Electronic materials “Mount Everest”: Stretching Diamond for next-generation microelectronics


The diamond is the hardest substance in existence.

Expected by many, it also has great potential as an excellent electronic content.

The massive, uniform tensile elastic strain of microfabricated diamond arrays using the nanomechanical approach has been demonstrated for the first time by a collaborative research team led by the City University of Hong Kong (CityU).

Their findings have highlighted the potential of stretched diamonds in microelectronics, photonics and quantum information technology as prime candidates for advanced functional devices.

Dr. Lu Yang, Associate Professor in the Department of Mechanical Engineering (MNE) at CityU and scientists from the Massachusetts Institute of Technology (MIT) and the Harbin Institute of Technology, led the research (HIT).

Their findings were recently published in “Achieving large uniform tensile elasticity in microfabricated diamond.” in the prestigious journal Science.

“This is the first time we have demonstrated the extremely large uniform elasticity of diamond through tensile testing. Our results show the possibility of developing electronic devices through ‘deep elastic strain engineering’ of microfabricated diamond structures,” Dr. Lu said.

“Mount Everest”Mount Everest
Diamonds, known for their hardness, are most widely used for cutting, drilling or grinding in the industry.

However, due to its ultra-high thermal conductivity, exceptional electrical carrier stability, high dielectric strength and ultra-wide band gap, diamond is also considered a high-performance material for electronics and photonics.
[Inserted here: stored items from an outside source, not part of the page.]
lemma eventually_run_in_fM:
  fixes \<delta> :: "'q::finite \<Rightarrow> 'x \<Rightarrow> 'q"
  shows "\<forall>\<^sub>\<infinity>n. run \<delta> q0 \<xi> n \<in> fM \<delta> q0 \<xi>"
proof -
  have "\<forall>q\<in>- fM \<delta> q0 \<xi>. \<forall>\<^sub>\<infinity>n. run \<delta> q0 \<xi> n \<noteq> q"
    unfolding fM_def by (auto simp: not_frequently)
  then have "\<forall>\<^sub>\<infinity>n. \<forall>q\<in>- fM \<delta> q0 \<xi>. run \<delta> q0 \<xi> n \<noteq> q"
    by (simp add: eventually_ball_finite)
  then show ?thesis
    by (rule MOST_mono) auto
qed

text \<open>Cut the run at a visit of p so late that only states of C occur afterwards, and at a
  later visit of q by which time all of C has been seen.\<close>

lemma CM_connecting_word:
  fixes \<delta> :: "'q::finite \<Rightarrow> 'x \<Rightarrow> 'q"
  assumes "C \<in> CM \<delta> q0" "p \<in> C" "q \<in> C"
  shows "\<exists>w. w \<noteq> [] \<and> foldl \<delta> p w = q \<and> visited \<delta> p w = C"
proof -
  obtain \<xi> where C: "C = fM \<delta> q0 \<xi>"
    using assms(1) unfolding CM_def by auto
  let ?r = "run \<delta> q0 \<xi>"
  have freq: "\<exists>\<^sub>\<infinity>n. ?r n = c" if "c \<in> C" for c
    using that unfolding C fM_def by blast
  obtain N where N: "\<And>n. n \<ge> N \<Longrightarrow> ?r n \<in> C"
    using eventually_run_in_fM[of \<delta> q0 \<xi>] unfolding C MOST_nat_le by blast
  obtain a where a: "a \<ge> N" "?r a = p"
    using freq[OF assms(2)] unfolding INFM_nat_le by blast
  obtain b where b: "C \<subseteq> ?r ` {a<..b}"
    using frequent_values_within_interval[of C ?r] freq by fastforce
  obtain e where e: "e > max a b" "?r e = q"
    using freq[OF assms(3)] unfolding INFM_nat by blast
  have "?r ` {a<..e} = C"
  proof
    show "?r ` {a<..e} \<subseteq> C"
      using N a by auto
    show "C \<subseteq> ?r ` {a<..e}"
      using b e by fastforce
  qed
  moreover have "foldl \<delta> p (map \<xi> [a..<e]) = q" "visited \<delta> p (map \<xi> [a..<e]) = ?r ` {a<..e}"
    using a e foldl_run[of a e \<delta> q0 \<xi>] visited_run[of a e \<delta> q0 \<xi>] by simp_all
  moreover have "map \<xi> [a..<e] \<noteq> []"
    using e by simp
  ultimately show ?thesis
    by blast
qed

lemma reach_imp_word: "reach \<delta> p q \<Longrightarrow> \<exists>w. foldl \<delta> p w = q"
  unfolding reach_def
proof (induction rule: rtrancl_induct)
  case base
  show ?case by (rule exI[of _ "[]"]) simp
next
  case (step y z)
  then obtain w a where "foldl \<delta> p w = y" "z = \<delta> y a" by auto
  then show ?case by (intro exI[of _ "w @ [a]"]) simp
qed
In semiconductors, bandgap is a key property and a large bandgap allows high-power or high-frequency devices to work. “Therefore, diamond can be considered the ‘Mount Everest’ of electronic materials because it has all these excellent properties,” said Dr. Lu.

The wide band gap and narrow crystal structure of diamonds, however, make it difficult to “dope,” a common method of modulating semiconductor electronic properties during manufacturing, which hinders the industrial application of diamonds in electronic and optoelectronic devices.

“strain engineering,” which is the application of very large lattice strains to change the structure of the electronic band and associated functional properties, is a potential alternative.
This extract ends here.